What would be the best approach for extracting fields from this data?
Aug 27 17:48:19 10.252.22.22 Aug 27 10:46:48 10.251.106.44 2015-08-27 17:35:43 19 10.234.37.191 - - - OBSERVED "News/Media" http://bits.blogs.nytimes.com/2015/08/26/facebook-tests-a-digital-assistant-for-its-messaging-app/?_... 200 TCP_HIT GET image/jpeg http graphics8.nytimes.com 80 /images/2015/08/28/business/28eugoogle-web/28eugoogle-web-mediumThreeByTwo210.jpg - jpg "Mozilla/5.0 (Windows NT 6.3; WOW64) AppleWebKit/537.36 (KHTML, like Gecko) Chrome/44.0.2403.157 Safari/537.36" 10.251.106.44 8762 4053 - "none" "none"
A field definition is ultimately a regular expression. You can certainly write a regular expression that would include spaces - or anything else! Of course, for a complicated event, the regular expressions may be complex as well.
The timestamp is a special case. Splunk's default timestamp extraction is not confused by spaces, although it might have some problem with the fact that there are 3 timestamps in the event! Which one is the event time? Again, you can use regular expressions to help Splunk identify the proper time stamp; here is some info in the documentation.

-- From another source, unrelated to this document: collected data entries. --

lemma image_upper_eq_Un:
  assumes "B \<in> layer S (Suc m)" "A1 \<in> layer S m" "A2 \<in> layer S m"
    and "A1 \<subseteq> B" "A2 \<subseteq> B" "A1 \<noteq> A2"
  shows "f B = f A1 \<union> f A2"
proof (rule eq_Un_if_card_Suc)
  show "finite (f B)" using finite_image assms(1) by blast
  show "f A1 \<subseteq> f B" "f A2 \<subseteq> f B" using mono assms by blast+
  show "f A1 \<noteq> f A2" using inj_onD[OF inj] assms(2,3,6) by blast
  show "card (f A1) = M" "card (f A2) = M" using card_image_lower assms(2,3) by blast+
  show "card (f B) = Suc M" using card_image_upper assms(1) .
qed

definition contribution :: "'a set \<Rightarrow> 'a \<Rightarrow> 'b set" where
  "contribution B x = f B - f (B - {x})"

lemma contribution_nonempty:
  assumes "B \<in> layer S (Suc m)" "x \<in> B"
  shows "contribution B x \<noteq> {}"
proof -
  have "B - {x} \<in> layer S m" using remove_in_layer assms finite_S by metis
  then have "card (f (B - {x})) < card (f B)"
    using assms by (intro card_image_strict_mono) auto
  moreover have "finite (f (B - {x}))" using finite_image \<open>B - {x} \<in> layer S m\<close> by blast
  ultimately have "\<not> f B \<subseteq> f (B - {x})" using card_mono[of "f (B - {x})" "f B"] by auto
  then show ?thesis unfolding contribution_def by blast
qed

text \<open>The upper sets \<open>A + a\<close>, \<open>A + b\<close>, \<open>C\<close> pairwise contain a common lower set among
  \<open>A\<close>, \<open>A1\<close>, \<open>A2\<close> (a hexagon); as \<open>f (A + a) \<noteq> f C\<close>, lemma \<open>diff_eq_or_Un_eq\<close> yields
  \<open>f A - f A1 = f A - f A2\<close>.\<close>

lemma contribution_exchange:
  assumes "A \<in> layer S m" "x \<in> A" "a \<in> S" "a \<notin> A" "b \<in> S" "b \<notin> A" "a \<noteq> b"
  shows "contribution (insert a A) x = contribution (insert b A) x"
proof -
  have "m \<noteq> 0" using assms(1,2) finite_layer_member[OF assms(1) finite_S]
    unfolding layer_def by (auto simp: card_gt_0_iff)
  then obtain j where j: "m = Suc j" using not0_implies_Suc by blast
  define A1 A2 C where "A1 = insert a (A - {x})" and "A2 = insert b (A - {x})"
    and "C = insert a (insert b (A - {x}))"
  have base: "A - {x} \<in> layer S j" using remove_in_layer[OF _ finite_S assms(2)] assms(1) j by simp
  have lower: "A1 \<in> layer S m" "A2 \<in> layer S m"
    unfolding A1_def A2_def j using insert_in_layer[OF base finite_S] assms by auto
  have upper: "insert a A \<in> layer S (Suc m)" "insert b A \<in> layer S (Suc m)" "C \<in> layer S (Suc m)"
    unfolding C_def using insert_in_layer[OF assms(1) finite_S] insert_in_layer[OF lower(2) finite_S]
      assms by (auto simp: A2_def)
  have fa: "f (insert a A) = f A \<union> f A1"
    using image_upper_eq_Un[OF upper(1) assms(1) lower(1)] assms(4) by (auto simp: A1_def)
  have fb: "f (insert b A) = f A \<union> f A2"
    using image_upper_eq_Un[OF upper(2) assms(1) lower(2)] assms(6) by (auto simp: A2_def)
  have fC: "f C = f A1 \<union> f A2"
    using image_upper_eq_Un[OF upper(3) lower] assms(4,7) by (auto simp: A1_def A2_def C_def)
  have "insert a A \<noteq> C" using assms(2,4,6) by (auto simp: C_def)
  then have "f A \<union> f A1 \<noteq> f A1 \<union> f A2"
    using inj_onD[OF inj, of "insert a A" C] upper(1,3) fa fC by auto
  moreover have "card (f A \<union> f A1) = Suc M" "card (f A \<union> f A2) = Suc M" "card (f A1 \<union> f A2) = Suc M"
    using card_image_upper upper fa fb fC by metis+
  ultimately have "f A - f A1 = f A - f A2"
    using diff_eq_or_Un_eq[of "f A" "f A1" "f A2" M] finite_image card_image_lower assms(1) lower
    by blast
  moreover have "insert a A - {x} = A1" "insert b A - {x} = A2"
    using assms(2,4,6) by (auto simp: A1_def A2_def)
  ultimately show ?thesis unfolding contribution_def fa fb by auto
qed

lemma contribution_independent:
  assumes "B \<in> layer S (Suc m)" "B' \<in> layer S (Suc m)" "x \<in> B" "x \<in> B'"
  shows "contribution B x = contribution B' x"
  using assms(1,3)
proof (induction "card (B - B')" arbitrary: B)
  case 0
  then have "B \<subseteq> B'" using finite_layer_member[OF _ finite_S] by auto
  then show ?case using layer_subset_eq[OF 0(2) assms(2) finite_S] by simp
next
  case (Suc N)
  have fin: "finite B" "finite B'" using Suc.prems(1) assms(2) finite_layer_member finite_S by auto
  obtain a where a: "a \<in> B" "a \<notin> B'" using Suc.hyps(2) by (metis card.empty Diff_eq_empty_iff
      nat.distinct(1) subsetI)
  have "\<not> B' \<subseteq> B" using layer_subset_eq[OF assms(2) Suc.prems(1) finite_S] a by blast
  then obtain b where b: "b \<in> B'" "b \<notin> B" by blast
  define A where "A = B - {a}"
  have A: "A \<in> layer S m" using remove_in_layer Suc.prems(1) a(1) finite_S unfolding A_def by metis
  have "a \<in> S" "b \<in> S" using Suc.prems(1) assms(2) a b unfolding layer_def by auto
  have "x \<in> A" using Suc.prems(2) a assms(4) unfolding A_def by auto
  have B: "B = insert a A" using a(1) unfolding A_def by auto
  have "contribution B x = contribution (insert b A) x"
    unfolding B by (rule contribution_exchange) (use A \<open>x \<in> A\<close> \<open>a \<in> S\<close> \<open>b \<in> S\<close> a b in
      \<open>auto simp: A_def\<close>)
  also have "\<dots> = contribution B' x"
  proof (rule Suc.hyps(1))
    have "insert b A - B' = (B - B') - {a}" using a b unfolding A_def by auto
    then show "N = card (insert b A - B')" using Suc.hyps(2) a fin by simp
    show "insert b A \<in> layer S (Suc m)" using insert_in_layer[OF A finite_S \<open>b \<in> S\<close>] b
      unfolding A_def by auto
    show "x \<in> insert b A" using \<open>x \<in> A\<close> by simp
  qed
  finally show ?case .
qed

lemma contribution_subset_image_lower:
  assumes "A \<in> layer S m" "x \<in> A" "B \<in> layer S (Suc m)" "x \<in> B"
  shows "contribution B x \<subseteq> f A"
proof -
  obtain c where c: "c \<in> S" "c \<notin> A" using exists_outside_lower assms(1) .
  have R: "insert c A \<in> layer S (Suc m)" using insert_in_layer assms(1) finite_S c by metis
  have "insert c A - {x} \<in> layer S m" using remove_in_layer[OF R finite_S] assms(2) by simp
  moreover have "A \<noteq> insert c A - {x}" using assms(2) by blast
  ultimately have "f (insert c A) = f A \<union> f (insert c A - {x})"
    using image_upper_eq_Un[OF R assms(1)] by blast
  then have "contribution (insert c A) x \<subseteq> f A" unfolding contribution_def by blast
  then show ?thesis using contribution_independent[OF assms(3) R assms(4)] assms(2) by simp
qed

I frankly think that "grouping fields" on the fly is an inconvenient way to do things. Remember that field extractions are dynamic - you can change them at any time. So even if you have already indexed the data, you can change the field definitions. [Exception: unless you used "index time" field extractions - which you should avoid as much as possible.]
If you need help writing the regular expressions, tell us exactly how you want the fields broken out in this event...